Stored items
|---|
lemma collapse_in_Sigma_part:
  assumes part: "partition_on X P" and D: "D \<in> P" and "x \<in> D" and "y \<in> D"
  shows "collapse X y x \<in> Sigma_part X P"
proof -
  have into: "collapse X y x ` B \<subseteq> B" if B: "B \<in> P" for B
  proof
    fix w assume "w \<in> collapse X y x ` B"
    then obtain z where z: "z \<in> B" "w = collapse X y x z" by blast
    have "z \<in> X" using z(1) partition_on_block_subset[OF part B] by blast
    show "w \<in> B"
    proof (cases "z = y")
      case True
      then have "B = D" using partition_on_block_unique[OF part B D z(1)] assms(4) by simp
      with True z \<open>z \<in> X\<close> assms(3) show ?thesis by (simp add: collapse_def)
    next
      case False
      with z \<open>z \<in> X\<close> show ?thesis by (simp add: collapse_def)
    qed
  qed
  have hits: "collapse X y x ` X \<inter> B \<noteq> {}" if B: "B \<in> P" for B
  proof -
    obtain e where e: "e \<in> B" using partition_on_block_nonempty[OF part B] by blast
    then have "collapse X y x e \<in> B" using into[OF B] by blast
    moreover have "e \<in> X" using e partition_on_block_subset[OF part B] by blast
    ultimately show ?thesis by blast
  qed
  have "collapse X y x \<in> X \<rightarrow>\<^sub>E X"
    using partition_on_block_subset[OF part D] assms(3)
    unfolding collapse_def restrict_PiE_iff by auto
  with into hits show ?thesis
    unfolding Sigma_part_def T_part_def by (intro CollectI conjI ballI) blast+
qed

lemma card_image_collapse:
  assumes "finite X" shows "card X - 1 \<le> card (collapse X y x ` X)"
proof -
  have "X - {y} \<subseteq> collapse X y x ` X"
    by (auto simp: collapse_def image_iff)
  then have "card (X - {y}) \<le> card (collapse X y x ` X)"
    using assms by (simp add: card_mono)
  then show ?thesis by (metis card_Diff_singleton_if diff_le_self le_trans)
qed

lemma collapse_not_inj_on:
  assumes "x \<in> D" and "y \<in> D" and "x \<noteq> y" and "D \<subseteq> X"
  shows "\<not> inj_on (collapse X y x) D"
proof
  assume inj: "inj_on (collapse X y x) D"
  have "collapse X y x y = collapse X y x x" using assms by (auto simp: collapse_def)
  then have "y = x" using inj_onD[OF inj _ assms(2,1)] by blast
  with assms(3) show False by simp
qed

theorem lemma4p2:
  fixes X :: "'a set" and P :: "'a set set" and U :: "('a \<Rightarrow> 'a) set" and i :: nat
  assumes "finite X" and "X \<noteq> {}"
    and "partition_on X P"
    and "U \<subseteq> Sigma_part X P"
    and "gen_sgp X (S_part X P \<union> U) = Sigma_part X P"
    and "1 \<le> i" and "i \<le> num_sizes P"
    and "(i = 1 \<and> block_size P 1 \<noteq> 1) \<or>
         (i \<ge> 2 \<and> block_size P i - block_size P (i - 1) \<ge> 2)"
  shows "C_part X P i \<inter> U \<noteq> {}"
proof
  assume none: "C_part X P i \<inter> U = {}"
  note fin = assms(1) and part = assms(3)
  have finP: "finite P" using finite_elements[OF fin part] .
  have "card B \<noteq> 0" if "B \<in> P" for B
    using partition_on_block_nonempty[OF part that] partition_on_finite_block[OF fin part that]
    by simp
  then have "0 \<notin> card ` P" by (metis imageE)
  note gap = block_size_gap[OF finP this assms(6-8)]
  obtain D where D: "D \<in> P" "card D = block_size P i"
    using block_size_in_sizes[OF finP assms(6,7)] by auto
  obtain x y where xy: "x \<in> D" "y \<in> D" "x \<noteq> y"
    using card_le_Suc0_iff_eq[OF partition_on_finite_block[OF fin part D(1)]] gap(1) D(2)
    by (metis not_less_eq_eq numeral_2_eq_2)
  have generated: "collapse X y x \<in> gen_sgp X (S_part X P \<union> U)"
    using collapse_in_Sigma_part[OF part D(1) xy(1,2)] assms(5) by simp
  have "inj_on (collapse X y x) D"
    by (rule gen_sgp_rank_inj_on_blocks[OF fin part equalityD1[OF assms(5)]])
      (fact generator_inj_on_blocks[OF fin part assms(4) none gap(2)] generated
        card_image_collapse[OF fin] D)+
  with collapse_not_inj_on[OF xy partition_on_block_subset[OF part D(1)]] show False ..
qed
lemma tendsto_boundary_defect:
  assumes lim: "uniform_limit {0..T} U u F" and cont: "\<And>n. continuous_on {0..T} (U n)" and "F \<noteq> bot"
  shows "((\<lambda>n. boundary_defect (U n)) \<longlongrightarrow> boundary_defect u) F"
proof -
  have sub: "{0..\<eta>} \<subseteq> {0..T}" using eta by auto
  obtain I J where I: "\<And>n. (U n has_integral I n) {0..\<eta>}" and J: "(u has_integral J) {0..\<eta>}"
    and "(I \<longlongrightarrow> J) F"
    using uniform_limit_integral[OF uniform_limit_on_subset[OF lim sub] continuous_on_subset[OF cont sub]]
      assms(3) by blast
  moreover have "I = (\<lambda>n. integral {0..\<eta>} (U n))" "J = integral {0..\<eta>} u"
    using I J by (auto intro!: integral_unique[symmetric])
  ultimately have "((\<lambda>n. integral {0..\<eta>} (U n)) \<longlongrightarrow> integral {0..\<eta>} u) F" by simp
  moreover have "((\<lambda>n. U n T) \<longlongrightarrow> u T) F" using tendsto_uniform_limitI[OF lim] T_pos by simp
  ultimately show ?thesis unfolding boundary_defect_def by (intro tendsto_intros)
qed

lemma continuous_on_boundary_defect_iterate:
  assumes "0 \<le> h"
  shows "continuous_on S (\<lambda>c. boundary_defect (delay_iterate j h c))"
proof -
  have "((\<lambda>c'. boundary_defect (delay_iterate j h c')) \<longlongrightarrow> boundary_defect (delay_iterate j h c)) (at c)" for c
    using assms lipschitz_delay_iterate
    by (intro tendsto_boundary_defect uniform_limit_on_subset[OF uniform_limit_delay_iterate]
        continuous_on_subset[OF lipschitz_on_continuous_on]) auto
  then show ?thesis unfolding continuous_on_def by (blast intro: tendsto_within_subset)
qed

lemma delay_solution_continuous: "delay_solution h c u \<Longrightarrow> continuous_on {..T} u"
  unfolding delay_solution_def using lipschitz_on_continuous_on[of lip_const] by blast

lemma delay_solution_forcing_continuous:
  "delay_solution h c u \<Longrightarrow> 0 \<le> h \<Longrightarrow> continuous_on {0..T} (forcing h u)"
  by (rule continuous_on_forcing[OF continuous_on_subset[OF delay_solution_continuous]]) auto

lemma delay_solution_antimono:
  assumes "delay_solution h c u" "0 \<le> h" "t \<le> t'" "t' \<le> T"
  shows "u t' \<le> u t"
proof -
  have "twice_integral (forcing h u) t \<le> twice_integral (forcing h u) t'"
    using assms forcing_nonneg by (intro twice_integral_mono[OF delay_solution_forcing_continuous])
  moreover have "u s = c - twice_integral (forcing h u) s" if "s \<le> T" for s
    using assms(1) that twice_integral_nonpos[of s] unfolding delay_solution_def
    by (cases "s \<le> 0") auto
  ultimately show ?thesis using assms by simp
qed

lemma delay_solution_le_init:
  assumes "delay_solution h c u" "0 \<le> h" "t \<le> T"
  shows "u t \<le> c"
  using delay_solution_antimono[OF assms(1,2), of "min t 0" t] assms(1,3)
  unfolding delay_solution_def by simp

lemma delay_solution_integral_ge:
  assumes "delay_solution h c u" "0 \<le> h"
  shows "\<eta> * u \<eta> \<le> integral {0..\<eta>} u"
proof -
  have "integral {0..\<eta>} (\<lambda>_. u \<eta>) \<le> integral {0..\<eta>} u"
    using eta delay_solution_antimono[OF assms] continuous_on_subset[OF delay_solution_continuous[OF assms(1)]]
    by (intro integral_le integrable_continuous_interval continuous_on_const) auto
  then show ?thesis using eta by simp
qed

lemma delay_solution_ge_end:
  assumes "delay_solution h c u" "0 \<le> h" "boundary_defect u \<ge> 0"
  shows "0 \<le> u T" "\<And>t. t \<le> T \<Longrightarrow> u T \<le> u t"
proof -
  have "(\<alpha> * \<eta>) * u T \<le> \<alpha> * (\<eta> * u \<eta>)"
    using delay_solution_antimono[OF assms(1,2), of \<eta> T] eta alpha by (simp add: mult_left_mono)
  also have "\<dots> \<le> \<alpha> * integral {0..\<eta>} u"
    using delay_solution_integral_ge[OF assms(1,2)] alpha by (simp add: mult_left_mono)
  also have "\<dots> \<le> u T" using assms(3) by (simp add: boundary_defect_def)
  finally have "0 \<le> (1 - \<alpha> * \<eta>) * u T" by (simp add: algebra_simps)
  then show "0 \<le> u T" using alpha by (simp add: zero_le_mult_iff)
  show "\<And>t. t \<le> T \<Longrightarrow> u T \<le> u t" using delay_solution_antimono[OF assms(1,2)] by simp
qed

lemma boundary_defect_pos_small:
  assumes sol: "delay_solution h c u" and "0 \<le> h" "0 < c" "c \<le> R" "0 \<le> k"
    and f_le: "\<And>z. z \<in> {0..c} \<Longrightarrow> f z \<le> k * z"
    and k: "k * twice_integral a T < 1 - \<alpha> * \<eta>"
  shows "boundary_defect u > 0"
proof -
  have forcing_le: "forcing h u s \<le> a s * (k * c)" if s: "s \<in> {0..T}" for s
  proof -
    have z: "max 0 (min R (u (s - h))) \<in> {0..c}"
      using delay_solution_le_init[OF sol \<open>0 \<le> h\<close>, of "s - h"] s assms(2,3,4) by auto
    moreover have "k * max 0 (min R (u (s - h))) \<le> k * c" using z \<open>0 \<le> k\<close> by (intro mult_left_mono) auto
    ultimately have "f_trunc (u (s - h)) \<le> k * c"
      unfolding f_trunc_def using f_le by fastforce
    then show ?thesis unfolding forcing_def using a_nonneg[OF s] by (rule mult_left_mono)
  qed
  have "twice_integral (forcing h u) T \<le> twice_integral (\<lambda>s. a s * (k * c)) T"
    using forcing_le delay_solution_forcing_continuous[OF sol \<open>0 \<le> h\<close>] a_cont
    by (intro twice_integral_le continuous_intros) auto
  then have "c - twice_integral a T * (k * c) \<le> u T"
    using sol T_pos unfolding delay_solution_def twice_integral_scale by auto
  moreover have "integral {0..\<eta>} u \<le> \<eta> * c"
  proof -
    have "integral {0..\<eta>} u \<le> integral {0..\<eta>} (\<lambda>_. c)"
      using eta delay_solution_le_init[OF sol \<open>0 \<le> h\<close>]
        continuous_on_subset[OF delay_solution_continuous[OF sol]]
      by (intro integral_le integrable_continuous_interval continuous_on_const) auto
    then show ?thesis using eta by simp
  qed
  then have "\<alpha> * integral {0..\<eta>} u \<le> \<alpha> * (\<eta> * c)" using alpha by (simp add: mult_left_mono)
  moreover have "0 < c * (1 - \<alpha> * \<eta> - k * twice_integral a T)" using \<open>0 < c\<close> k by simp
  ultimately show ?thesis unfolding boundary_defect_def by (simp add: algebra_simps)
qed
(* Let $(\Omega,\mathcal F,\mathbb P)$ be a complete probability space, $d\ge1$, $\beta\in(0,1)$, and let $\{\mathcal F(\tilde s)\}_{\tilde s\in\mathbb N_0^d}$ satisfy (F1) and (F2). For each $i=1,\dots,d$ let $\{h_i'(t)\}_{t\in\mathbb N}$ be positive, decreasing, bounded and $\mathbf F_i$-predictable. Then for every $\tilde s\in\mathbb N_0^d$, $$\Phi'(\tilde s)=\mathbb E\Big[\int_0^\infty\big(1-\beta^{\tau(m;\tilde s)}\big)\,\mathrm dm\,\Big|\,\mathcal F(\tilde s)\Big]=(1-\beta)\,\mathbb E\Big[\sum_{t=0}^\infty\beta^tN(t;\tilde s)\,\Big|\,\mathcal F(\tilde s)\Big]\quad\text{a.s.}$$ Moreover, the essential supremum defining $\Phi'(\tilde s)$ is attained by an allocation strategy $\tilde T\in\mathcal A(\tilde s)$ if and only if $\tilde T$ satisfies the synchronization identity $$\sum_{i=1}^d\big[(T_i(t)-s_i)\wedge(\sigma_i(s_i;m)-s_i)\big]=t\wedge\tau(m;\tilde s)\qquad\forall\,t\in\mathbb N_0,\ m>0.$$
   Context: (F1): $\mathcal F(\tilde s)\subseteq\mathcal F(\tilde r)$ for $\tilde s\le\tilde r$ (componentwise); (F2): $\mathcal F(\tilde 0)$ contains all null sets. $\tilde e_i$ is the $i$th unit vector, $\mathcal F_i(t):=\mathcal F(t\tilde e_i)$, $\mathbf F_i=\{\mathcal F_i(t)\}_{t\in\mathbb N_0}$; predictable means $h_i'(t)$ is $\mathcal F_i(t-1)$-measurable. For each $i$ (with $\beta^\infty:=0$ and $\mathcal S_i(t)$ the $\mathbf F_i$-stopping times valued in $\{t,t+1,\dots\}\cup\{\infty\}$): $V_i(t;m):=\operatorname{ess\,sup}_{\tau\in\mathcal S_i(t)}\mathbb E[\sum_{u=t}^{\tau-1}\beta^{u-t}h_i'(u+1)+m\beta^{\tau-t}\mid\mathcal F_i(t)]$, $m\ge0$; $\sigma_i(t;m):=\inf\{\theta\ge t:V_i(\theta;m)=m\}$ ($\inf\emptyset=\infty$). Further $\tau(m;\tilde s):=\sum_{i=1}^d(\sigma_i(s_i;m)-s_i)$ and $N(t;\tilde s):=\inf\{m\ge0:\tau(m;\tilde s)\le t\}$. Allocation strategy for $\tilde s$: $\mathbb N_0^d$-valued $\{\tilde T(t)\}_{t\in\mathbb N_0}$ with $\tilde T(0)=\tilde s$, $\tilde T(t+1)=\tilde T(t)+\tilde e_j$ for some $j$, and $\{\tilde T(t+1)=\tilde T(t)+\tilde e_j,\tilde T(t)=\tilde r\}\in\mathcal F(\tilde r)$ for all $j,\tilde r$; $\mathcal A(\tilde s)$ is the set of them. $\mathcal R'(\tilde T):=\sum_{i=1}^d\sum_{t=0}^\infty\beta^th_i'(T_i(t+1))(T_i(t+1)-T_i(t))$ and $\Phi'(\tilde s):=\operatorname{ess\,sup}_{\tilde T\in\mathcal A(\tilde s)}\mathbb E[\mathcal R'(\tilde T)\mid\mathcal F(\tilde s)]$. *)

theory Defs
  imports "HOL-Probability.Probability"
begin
|---|
◆ **The problem**
What are the lines, exactly as written above, from the line with "with collapse_not_inj_on[OF xy" to the line with "assms(3) by blast", both included? Output only those.

◆ **Output**
  with collapse_not_inj_on[OF xy partition_on_block_subset[OF part D(1)]] show False ..
qed
lemma tendsto_boundary_defect:
  assumes lim: "uniform_limit {0..T} U u F" and cont: "\<And>n. continuous_on {0..T} (U n)" and "F \<noteq> bot"
  shows "((\<lambda>n. boundary_defect (U n)) \<longlongrightarrow> boundary_defect u) F"
proof -
  have sub: "{0..\<eta>} \<subseteq> {0..T}" using eta by auto
  obtain I J where I: "\<And>n. (U n has_integral I n) {0..\<eta>}" and J: "(u has_integral J) {0..\<eta>}"
    and "(I \<longlongrightarrow> J) F"
    using uniform_limit_integral[OF uniform_limit_on_subset[OF lim sub] continuous_on_subset[OF cont sub]]
      assms(3) by blast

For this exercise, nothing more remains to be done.